(STORED DATA begins)

lemma deal_uncovered_le:
  "e \<in> E \<Longrightarrow> e \<notin> cov (run n) \<Longrightarrow> v \<in> e \<Longrightarrow> deal (run n) e \<le> \<beta> * w v"
proof (induction n)
  case 0 then show ?case using deal_init_le by simp
next
  case (Suc n)
  then have "e \<notin> cov (run n)" by (simp add: mw_step_simps)
  with Suc show ?case
    using deal_Suc_uncovered raised_deal_le by (cases "got_stuck (run n) e") auto
qed

lemma deal_uncovered_eq:
  "e \<in> E \<Longrightarrow> e \<notin> cov (run n) \<Longrightarrow> deal (run n) e = \<alpha> ^ raise_rounds n e * deal (run 0) e"
proof (induction n)
  case 0 then show ?case by (simp add: raise_rounds_def)
next
  case (Suc n)
  then have "e \<notin> cov (run n)" by (simp add: mw_step_simps)
  with Suc show ?case
    using deal_Suc_uncovered by (simp add: raise_rounds_def)
qed

lemma zero_weight_covered:
  assumes "e \<in> E" "u \<in> e" "w u = 0" shows "e \<in> cov (run 1)"
proof -
  have "e \<in> Einc E u" using assms by (simp add: Einc_def)
  moreover have "u \<in> V" using assms edge_subset by auto
  ultimately have "u \<in> joins (run 0)"
    using dual_sum_nonneg[of 0 u] assms(3) by (auto simp: joins_def dual_sum_def mw_init_simps)
  with \<open>e \<in> Einc E u\<close> have "e \<in> newly_covered (run 0)"
    using assms(1) by (auto simp: newly_covered_def mw_init_simps)
  then show ?thesis by (simp add: mw_step_simps)
qed

lemma raise_rounds_le_log:
  assumes e: "e \<in> E" "e \<notin> cov (run n)"
  shows "real (raise_rounds n e) \<le> log \<alpha> (Delta V E)"
proof -
  have "Min ((\<lambda>v. w v / real (card (Einc E v))) ` e) \<in> (\<lambda>v. w v / real (card (Einc E v))) ` e"
    using finite_edge edge_nonempty e by (intro Min_in) auto
  then obtain u where "u \<in> e"
    and u_min: "Min ((\<lambda>v. w v / real (card (Einc E v))) ` e) = w u / real (card (Einc E u))"
    by auto
  have "u \<in> V" using \<open>u \<in> e\<close> edge_subset e by auto
  have deg: "0 < card (Einc E u)" "card (Einc E u) \<le> Delta V E"
    using card_Einc_pos[OF e(1) \<open>u \<in> e\<close>] card_Einc_le_Delta[OF \<open>u \<in> V\<close>] by auto
  show ?thesis
  proof (cases n)
    case 0 then show ?thesis using deg alpha_gt_1 by (simp add: raise_rounds_def)
  next
    case (Suc m)
    have "0 < w u"
      using zero_weight_covered[OF e(1) \<open>u \<in> e\<close>] cov_mono[of 1 n] e Suc
        weight_nonneg[OF \<open>u \<in> V\<close>] by fastforce
    have "\<alpha> ^ raise_rounds n e * (\<beta> * (w u / card (Einc E u))) \<le> \<beta> * w u"
      using deal_uncovered_eq[OF e] deal_uncovered_le[OF e \<open>u \<in> e\<close>] u_min
      by (simp add: mw_init_simps)
    then have "\<alpha> ^ raise_rounds n e \<le> card (Einc E u)"
      using \<open>0 < w u\<close> beta_pos deg by (simp add: field_simps)
    also have "\<dots> \<le> Delta V E" using deg by simp
    finally show ?thesis
      using alpha_gt_1 deg by (simp add: le_log_iff powr_realpow)
  qed
qed

lemma got_stuck_le_sum_stuck:
  assumes "e \<in> E"
  shows "of_bool (got_stuck (run i) e) \<le> (\<Sum>v\<in>e. of_bool (v \<notin> trm (run (Suc i)) \<and> stuck (run i) v) :: real)"
proof (cases "got_stuck (run i) e")
  case True
  then obtain v where v: "v \<in> V" "v \<notin> trm (run (Suc i))" "e \<in> Ep (run (Suc i)) v"
    and "stuck (run i) v"
    by (auto simp: got_stuck_def mw_step_simps)
  then have "v \<in> e" using Ep_active[OF v(1,2)] by (simp add: Einc_def)
  then have "of_bool (got_stuck (run i) e)
      = (of_bool (v \<notin> trm (run (Suc i)) \<and> stuck (run i) v) :: real)"
    using True v \<open>stuck (run i) v\<close> by simp
  also have "\<dots> \<le> (\<Sum>v\<in>e. of_bool (v \<notin> trm (run (Suc i)) \<and> stuck (run i) v))"
    using \<open>v \<in> e\<close> finite_edge[OF assms] by (intro member_le_sum) auto
  finally show ?thesis .
qed (simp add: sum_nonneg)

lemma uncovered_edge_iterations_le:
  assumes e: "e \<in> E" "e \<notin> cov (run n)"
  shows "real n \<le> log \<alpha> (Delta V E) + card e * \<alpha> / \<beta>"
proof -
  have "real n = real (raise_rounds n e) + (\<Sum>i<n. of_bool (got_stuck (run i) e))"
    unfolding raise_rounds_def by (induction n) auto
  also have "(\<Sum>i<n. of_bool (got_stuck (run i) e)) \<le>
      (\<Sum>i<n. \<Sum>v\<in>e. of_bool (v \<notin> trm (run (Suc i)) \<and> stuck (run i) v) :: real)"
    by (intro sum_mono got_stuck_le_sum_stuck[OF e(1)])
  also have "\<dots> = (\<Sum>v\<in>e. stuck_rounds n v)"
    unfolding stuck_rounds_def by (rule sum.swap)
  also have "\<dots> \<le> (\<Sum>v\<in>e. \<alpha> / \<beta>)"
    using stuck_rounds_le edge_subset e by (intro sum_mono) auto
  finally show ?thesis
    using raise_rounds_le_log[OF e] by simp
qed

lemma all_terminated_after:
  assumes rank: "\<forall>e\<in>E. card e \<le> f"
    and n: "log \<alpha> (Delta V E) + real f * \<alpha> / \<beta> < real n"
  shows "mw_all_terminated V E w \<beta> \<alpha> n"
proof -
  have "cov (run n) = E"
  proof (rule ccontr)
    assume "cov (run n) \<noteq> E"
    then obtain e where e: "e \<in> E" "e \<notin> cov (run n)" using cov_subset_E by blast
    have "card e * \<alpha> / \<beta> \<le> real f * \<alpha> / \<beta>"
      using rank e alpha_gt_1 beta_pos by (intro divide_right_mono mult_right_mono) auto
    then show False using uncovered_edge_iterations_le[OF e] n by linarith
  qed
  then show ?thesis
    using all_covered_imp_all_terminated by (simp add: mw_all_terminated_def)
qed

lemma log_Delta_nonneg: "0 \<le> log \<alpha> (Delta V E)"
  using alpha_gt_1 by (cases "Delta V E = 0") (simp_all add: log_def)

lemma mw_iterations_le:
  assumes rank: "\<forall>e\<in>E. card e \<le> f"
  shows "mw_all_terminated V E w \<beta> \<alpha> (nat \<lfloor>log \<alpha> (Delta V E) + real f * \<alpha> / \<beta>\<rfloor> + 1)"
    and "real (mw_iterations V E w \<beta> \<alpha>) \<le> log \<alpha> (Delta V E) + real f * \<alpha> / \<beta> + 1"
proof -
  define L where "L = log \<alpha> (Delta V E) + real f * \<alpha> / \<beta>"
  have "0 \<le> L"
    using log_Delta_nonneg alpha_gt_1 beta_pos by (simp add: L_def)
  then have N: "real (nat \<lfloor>L\<rfloor> + 1) = of_int \<lfloor>L\<rfloor> + 1" by simp
  have "L < real (nat \<lfloor>L\<rfloor> + 1)"
    using N real_of_int_floor_add_one_gt[of L] by linarith
  then show terminated: "mw_all_terminated V E w \<beta> \<alpha> (nat \<lfloor>L\<rfloor> + 1)"
    using all_terminated_after[OF rank] by (simp add: L_def)
  have "mw_iterations V E w \<beta> \<alpha> \<le> nat \<lfloor>L\<rfloor> + 1"
    unfolding mw_iterations_def using terminated by (rule Least_le)
  then show "real (mw_iterations V E w \<beta> \<alpha>) \<le> L + 1"
    using N of_int_floor_le[of L] by linarith
qed

lemma mw_iterations_no_edges: "E = {} \<Longrightarrow> mw_iterations V E w \<beta> \<alpha> = 0"
  using all_covered_imp_all_terminated[of 0] mw_init_simps(1)
  by (simp add: mw_iterations_def mw_all_terminated_def)

end

theorem mainTheorem6:
  "\<exists>c::real. c > 0 \<and>
    (\<forall>(V::'v set) (E::'v set set) (f::nat) (w::'v \<Rightarrow> real) (\<epsilon>::real) (\<alpha>::real).
      finite V \<and> finite E \<and> (\<forall>e\<in>E. e \<noteq> {} \<and> e \<subseteq> V \<and> card e \<le> f) \<and>
      (\<forall>v\<in>V. w v \<ge> 0) \<and> Delta V E \<ge> 3 \<and> 0 < \<epsilon> \<and> \<epsilon> \<le> 1 \<and> \<alpha> > 1
      \<longrightarrow> (let \<beta> = \<epsilon> / (real f + \<epsilon>) in
            (\<exists>i. mw_all_terminated V E w \<beta> \<alpha> i) \<and>
            real (mw_iterations V E w \<beta> \<alpha>)
              \<le> c * (log \<alpha> (real (Delta V E)) + real f * \<alpha> / \<beta>)))"
proof (intro exI[of _ 2] conjI allI impI)
  fix V :: "'v set" and E :: "'v set set" and f :: nat and w :: "'v \<Rightarrow> real"
    and \<epsilon> \<alpha> :: real
  assume H: "finite V \<and> finite E \<and> (\<forall>e\<in>E. e \<noteq> {} \<and> e \<subseteq> V \<and> card e \<le> f) \<and>
      (\<forall>v\<in>V. w v \<ge> 0) \<and> Delta V E \<ge> 3 \<and> 0 < \<epsilon> \<and> \<epsilon> \<le> 1 \<and> \<alpha> > 1"
  define \<beta> where "\<beta> = \<epsilon> / (real f + \<epsilon>)"
  have \<beta>: "0 < \<beta>" "\<beta> \<le> 1" using H by (simp_all add: \<beta>_def)
  interpret mwhvc V E w \<beta> \<alpha> using H \<beta> by unfold_locales auto
  have rank: "\<forall>e\<in>E. card e \<le> f" using H by blast
  have "real (mw_iterations V E w \<beta> \<alpha>) \<le> 2 * (log \<alpha> (Delta V E) + real f * \<alpha> / \<beta>)"
  proof (cases "E = {}")
    case True
    then show ?thesis using mw_iterations_no_edges log_Delta_nonneg \<beta> H by simp
  next
    case False
    then obtain e where "e \<in> E" by blast
    then have "1 \<le> f" using rank finite_edge edge_nonempty
      by (metis card_gt_0_iff le_trans less_one not_le)
    then have "\<beta> \<le> real f * \<alpha>" using \<beta> H mult_mono[of 1 "real f" 1 \<alpha>] by simp
    then have "1 \<le> real f * \<alpha> / \<beta>" using \<beta> by simp
    moreover note mw_iterations_le(2)[OF rank] log_Delta_nonneg
    ultimately show ?thesis by argo
  qed
  then show "let \<beta> = \<epsilon> / (real f + \<epsilon>) in (\<exists>i. mw_all_terminated V E w \<beta> \<alpha> i) \<and>
      real (mw_iterations V E w \<beta> \<alpha>) \<le> 2 * (log \<alpha> (real (Delta V E)) + real f * \<alpha> / \<beta>)"
    using mw_iterations_le(1)[OF rank] by (auto simp: Let_def \<beta>_def[symmetric])
qed simp

end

(STORED DATA ends)

EXERCISE — Could you set down, word for word, only the lines above from the line with "using alpha_gt_1 by" to the line with "using log_Delta_nonneg alpha_gt_1", including both?

RESULT FOR THIS EXERCISE —
  using alpha_gt_1 by (cases "Delta V E = 0") (simp_all add: log_def)

lemma mw_iterations_le:
  assumes rank: "\<forall>e\<in>E. card e \<le> f"
  shows "mw_all_terminated V E w \<beta> \<alpha> (nat \<lfloor>log \<alpha> (Delta V E) + real f * \<alpha> / \<beta>\<rfloor> + 1)"
    and "real (mw_iterations V E w \<beta> \<alpha>) \<le> log \<alpha> (Delta V E) + real f * \<alpha> / \<beta> + 1"
proof -
  define L where "L = log \<alpha> (Delta V E) + real f * \<alpha> / \<beta>"
  have "0 \<le> L"
    using log_Delta_nonneg alpha_gt_1 beta_pos by (simp add: L_def)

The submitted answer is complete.